Okay this isn't a post about YOU personally but a human in general. First off, if anyone has ever seen Todd Browning's movie FREAKS there is the black "worm-man" born without arms and legs and rolled cigarettes with his lips, so obviously those are unnecessary for life function.
*You can live without kidneys with dialysis.
*You can live on like 10 percent lung function with oxygen. Like coal miners with black lung or textile workers with brown lung.
*I've heard of lots of people having their spleen removed after accidents and shootings.
*Yah yah. Appendix. I know. That's a given.

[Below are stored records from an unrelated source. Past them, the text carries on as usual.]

lemma sd2_Phi_std2:
  assumes p: "p \<in> N1" and n: "n \<in> N1" and m: "m \<in> N1"
    and k: "k \<in> carrier G0" and h: "h \<in> carrier G0" and g: "g \<in> carrier G0"
  shows "sd2 S \<rho> (Phi S z) (std2 p n k, m \<otimes>\<^bsub>G1\<^esub> s00 h, g)
       = xd2 (T1 S) \<rho> z (rc p, rc n, k, rc m, h, g)"
proof -
  have pc: "p \<in> carrier G1" using p mem_N1 by auto
  have nc: "n \<in> carrier G1" and n1: "d11 n = \<one>\<^bsub>G0\<^esub>" using n mem_N1 by auto
  have mc: "m \<in> carrier G1" and m1: "d11 m = \<one>\<^bsub>G0\<^esub>" using m mem_N1 by auto
  let ?m' = "s00 k \<otimes>\<^bsub>G1\<^esub> m \<otimes>\<^bsub>G1\<^esub> inv\<^bsub>G1\<^esub> (s00 k)"
  have pn: "p \<otimes>\<^bsub>G1\<^esub> n \<in> N1" by (rule subgroup.m_closed[OF N1_subgroup p n])
  have nm': "n \<otimes>\<^bsub>G1\<^esub> ?m' \<in> N1" by (rule subgroup.m_closed[OF N1_subgroup n N1_conj[OF k m]])
  have term0: "Phi S z (d20 (std2 p n k), d10 (m \<otimes>\<^bsub>G1\<^esub> s00 h))
      = z (rc p, d10 n \<otimes>\<^bsub>G0\<^esub> k, d10 m \<otimes>\<^bsub>G0\<^esub> h)"
    using std2_faces(1)[OF p n k] Phi_normal_form[OF p, of "d10 n \<otimes>\<^bsub>G0\<^esub> k" "d10 m \<otimes>\<^bsub>G0\<^esub> h" z]
      nc k mc h by (simp add: d10_s00)
  have term1: "Phi S z (d21 (std2 p n k), d11 (m \<otimes>\<^bsub>G1\<^esub> s00 h) \<otimes>\<^bsub>G0\<^esub> g)
      = z (rc (p \<otimes>\<^bsub>G1\<^esub> n), k, h \<otimes>\<^bsub>G0\<^esub> g)"
    using std2_faces(2)[OF p n k] Phi_normal_form[OF pn k, of "h \<otimes>\<^bsub>G0\<^esub> g" z]
      mc m1 h g by (simp add: d11_s00)
  have term2: "Phi S z (d22 (std2 p n k) \<otimes>\<^bsub>G1\<^esub> (m \<otimes>\<^bsub>G1\<^esub> s00 h), g)
      = z (rc (n \<otimes>\<^bsub>G1\<^esub> ?m'), k \<otimes>\<^bsub>G0\<^esub> h, g)"
  proof -
    have "d22 (std2 p n k) \<otimes>\<^bsub>G1\<^esub> (m \<otimes>\<^bsub>G1\<^esub> s00 h) = (n \<otimes>\<^bsub>G1\<^esub> ?m') \<otimes>\<^bsub>G1\<^esub> s00 (k \<otimes>\<^bsub>G0\<^esub> h)"
      using std2_faces(3)[OF p n k] nc mc k h by (simp add: G1.m_assoc)
    then show ?thesis using Phi_normal_form[OF nm', of "k \<otimes>\<^bsub>G0\<^esub> h" g z] k h g by simp
  qed
  have term3: "Phi S z (m \<otimes>\<^bsub>G1\<^esub> s00 h, g) = z (rc m, h, g)"
    by (rule Phi_normal_form[OF m h g])
  have outer_face: "d11 (d22 (std2 p n k)) = k"
    using std2_faces(3)[OF p n k] nc n1 k by (simp add: d11_s00)
  have action: "rc n \<otimes>\<^bsub>xM (T1 S)\<^esub> xact (T1 S) k (rc m) = rc (n \<otimes>\<^bsub>G1\<^esub> ?m')"
    using xact_rc[OF k mc] xM_mult[OF nc, of ?m'] k mc by simp
  show ?thesis
    by (simp only: sd2_def xd2_def case_prod_conv term0 term1 term2 term3 outer_face
        xmu_rc[OF nc] xmu_rc[OF mc] xM_mult[OF pc nc] action T1_xG xcls_T1)
qed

In fact, with an ass-bypass operation you don't need your ass either.
*Tonsils.
*Teeth.
*Larynx.
*Ears and nose. Burn and cancer-survivors yadda yadda.
*Scalp. I've read of people surviving scalpings by indians where they hid their literal skull under their hat. Also bear maulings on trappers in the old west. Jedadiah Smith for instance.
*Genitals from war or accidents.
*Eyes of course.
*Stomach. You've heard of those super-giant fat people who have most or all of their stomach removed to save their lives.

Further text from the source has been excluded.